At the CTD meeting on Monday Brazil and Argentina had made a presentation of the agreement and contended that it was one covered by the 1979 Enabling Clause and not under Article XXIV as contended by the United States.

The debate in the GATT Council Tuesday was basically a repeat of the same in the CTD with both sides expressing their views forcefully and sharply, one participant said.

With neither side giving way, the Council could reach no conclusion beyond taking note of the views expressed and keeping it on its agenda for the next meeting.

Even this, participant said, cam e only after another sharp exchange between Brazil's Amb. Celso Amorim and U.S. Amb. Rufus Yerxa who wanted the issue to be kept on the agenda. Amorim asked whether there was in fact a consensus for this when Yerxa reportedly intervened and said he was making a formal request for the issue to be put on the agenda.

Items are put on the agenda normally at the request of any member.

Earlier, the U.S. pressed for the setting up of a working party by the GATT Council to consider the agreement as one falling within the terms of Article XXIV relating to formation of customs unions and free trade agreements. Yerxa also insisted that the agreement should be notified by its signatories to GATT under Article XXIV, and not under the "Enabling Clause" as had been done by Argentina and Brazil.

Yerxa, said that the U.S. was not opposed to MERCOSUR and its objectives but that given the large economic stakes - 200 million people with half-a-trillion dollar gross, national product - it should be examined more carefully in terms of the Article XXIV vis-a-vis the interests of other Contracting Parties. In the U.S. view, the MERCOSUR was an agreement moving towards a customs union. The 1979 Enabling Clause was not intended to cover these cases, but rather arrangements leading to free trade areas among developing countries.

Brazil and Argentina however insisted that MERCOSUR was far away from a customs union and that it was completely covered by the Enabling Clause and its "development" dimension and the special and more favourable treatment to developing countries assured by it.

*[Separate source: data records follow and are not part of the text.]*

lemma level_graph_in_if_sorted_safe_scheme:
  assumes "G \<in> \<G>" and "safe_scheme \<G> G \<tau>" and "sorted (map \<omega> \<tau>)"
  shows "level_graph G \<omega> i \<in> \<G>"
proof -
  have "edge_ordering G \<tau>"
    using assms(2) by (simp add: safe_scheme_def)
  then obtain j where "j \<le> length \<tau>" and "level_graph G \<omega> i = step_graph G \<tau> j"
    using assms(3) by (rule level_graph_eq_step_graph)
  then show ?thesis
    using safe_scheme_step_graph_in[OF assms(1,2)] by simp
qed

lemma degree_minimal_scheme_safe:
  assumes "degree_sandwich_monotone \<G>" and "graph G" and "G \<in> \<G>"
    and levels: "\<And>w. w \<in> \<omega> ` snd G \<Longrightarrow> level_graph G \<omega> (w + 1) \<in> \<G>"
    and scheme: "degree_minimal_scheme G \<omega> \<tau>"
  shows "safe_scheme \<G> G \<tau>"
proof -
  have ordering: "edge_ordering G \<tau>"
    using scheme by (rule degree_minimal_scheme_edge_ordering)
  have "step_graph G \<tau> i \<in> \<G>" if "i \<le> length \<tau>" for i
    using that
  proof (induction i)
    case 0
    then show ?case
      using \<open>G \<in> \<G>\<close> by simp
  next
    case (Suc i)
    let ?H = "step_graph G \<tau> i"
    let ?F = "min_weight_edges \<omega> (snd ?H)"
    have i: "i < length \<tau>"
      using Suc.prems by simp
    have "\<tau> ! i \<in> snd G"
      using nth_mem[OF i] ordering by (simp add: edge_ordering_def)
    then have "safe \<G> ?H ?F"
      using del_min_weight_edges_step_graph[OF ordering degree_minimal_scheme_sorted[OF scheme] i]
        levels by (simp add: safe_def)
    moreover have "degree_minimal (snd ?H) ?F (\<tau> ! i)"
      using scheme i by (rule degree_minimal_scheme_nth)
    moreover have "?H \<in> \<G>" and "graph ?H"
      using Suc i graph_del_edges[OF \<open>graph G\<close>] by (simp_all add: step_graph_def)
    moreover have "?F \<subseteq> snd ?H"
      by (simp add: min_weight_edges_def)
    ultimately have "safe \<G> ?H {\<tau> ! i}"
      using degree_sandwich_monotoneD[OF \<open>degree_sandwich_monotone \<G>\<close>] by blast
    then show ?case
      by (simp add: safe_def step_graph_Suc[OF i])
  qed
  with ordering show ?thesis
    by (simp add: safe_scheme_def)
qed

lemma weighted_graph_level_graph_1:
  assumes "weighted_graph G \<omega> k"
  shows "level_graph G \<omega> 1 = G"
proof -
  have "\<omega> e \<in> {1..k}" if "e \<in> snd G" for e
    using assms that unfolding weighted_graph_def by blast
  then have "{e \<in> snd G. \<omega> e < 1} = {}"
    by fastforce
  then show ?thesis
    unfolding level_graph_def by (simp only: del_edges_empty)
qed

theorem lemma3p1:
  fixes \<G> :: "'a graph set" and G :: "'a graph" and \<omega> :: "'a set \<Rightarrow> nat" and k :: nat
  assumes "grounded \<G>"
    and "degree_sandwich_monotone \<G>"
    and "weighted_graph G \<omega> k"
  shows "level_class \<G> G \<omega> k \<longleftrightarrow>
    (G \<in> \<G> \<and> (\<forall>\<tau>. degree_minimal_scheme G \<omega> \<tau> \<longrightarrow>
                    safe_scheme \<G> G \<tau> \<and> sorted_scheme \<omega> \<tau>))"
proof -
  have "graph G" and weights: "\<omega> ` snd G = {1..k}"
    using assms(3) by (simp_all add: weighted_graph_def)
  show ?thesis
  proof
    assume levels: "level_class \<G> G \<omega> k"
    then have "G \<in> \<G>"
      using weighted_graph_level_graph_1[OF assms(3)] by (force simp: level_class_def)
    moreover have "level_graph G \<omega> (w + 1) \<in> \<G>" if "w \<in> \<omega> ` snd G" for w
      using levels that weights by (simp add: level_class_def)
    ultimately show "G \<in> \<G> \<and> (\<forall>\<tau>. degree_minimal_scheme G \<omega> \<tau> \<longrightarrow>
        safe_scheme \<G> G \<tau> \<and> sorted_scheme \<omega> \<tau>)"
      unfolding sorted_scheme_iff_sorted_map
      by (blast intro: degree_minimal_scheme_safe[OF assms(2) \<open>graph G\<close>]
          degree_minimal_scheme_sorted)
  next
    assume schemes: "G \<in> \<G> \<and> (\<forall>\<tau>. degree_minimal_scheme G \<omega> \<tau> \<longrightarrow>
        safe_scheme \<G> G \<tau> \<and> sorted_scheme \<omega> \<tau>)"
    obtain \<tau> where "degree_minimal_scheme G \<omega> \<tau>"
      using ex_degree_minimal_scheme[OF \<open>graph G\<close>] ..
    with schemes have "G \<in> \<G>" and "safe_scheme \<G> G \<tau>" and "sorted (map \<omega> \<tau>)"
      by (simp_all add: sorted_scheme_iff_sorted_map)
    then show "level_class \<G> G \<omega> k"
      unfolding level_class_def by (blast intro: level_graph_in_if_sorted_safe_scheme)
  qed
qed

end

Given that even in terms of its consideration in the CTD, no "right" of the United States could be taken away, and given that no working party set up under Article XXIV had ever been able to come up with consensus recommendations, the U.S. insistence on the Article XXIV route for the consideration of the MERCOSUR issue was somewhat puzzling for Severn delegates.

Several Third World delegates however suggested that the U.S. position was rooted in its fundamental opposition to the concept of special and more favourable treatment to developing countries stipulated in the Enabling Clause and, its consistent attempt since the early 1980's to get rid of this and the Part IV of the General Agreement.

They noted in this connection that at UNCTAD-VIII as well as in other recent meetings, the U.S. has been opposing any formulations in relation to developing countries and their rights that resembled the language used in the Enabling Clause.

The way the U.S. and other industrialised countries viewed the Enabling Clause - a decision of the CONTRACTING PARTIES, having the same validity and scope as any provision of the General Agreement - was shown by them in the CTD on Monday over the issue of GSP benefits being granted by them to the east Europeans and former Soviet republics.

Any benefit by any GATT Contracting Party to any country has to be extended to all GATT Contracting Parties under Article I of the General Agreement. An exception is provided under the Enabling Clause only to tariff and other trade benefits that ICs might give to developing countries. In all other cases, the contracting party providing a benefit has to seek and obtain a waiver from the obligations of Article 1.

In not seeking any such waiver, and in extending GSP benefits to the east Europeans and former Soviet republics, the U.S. and others claimed they could act "autonomously" and "unilaterally" as donor countries and that the "enabling clause" had been decided in different conditions and circumstances, and that the east Europeans former Soviet republics were now in the same situation that developing countries were in 1979 or earlier when the GSP was introduced.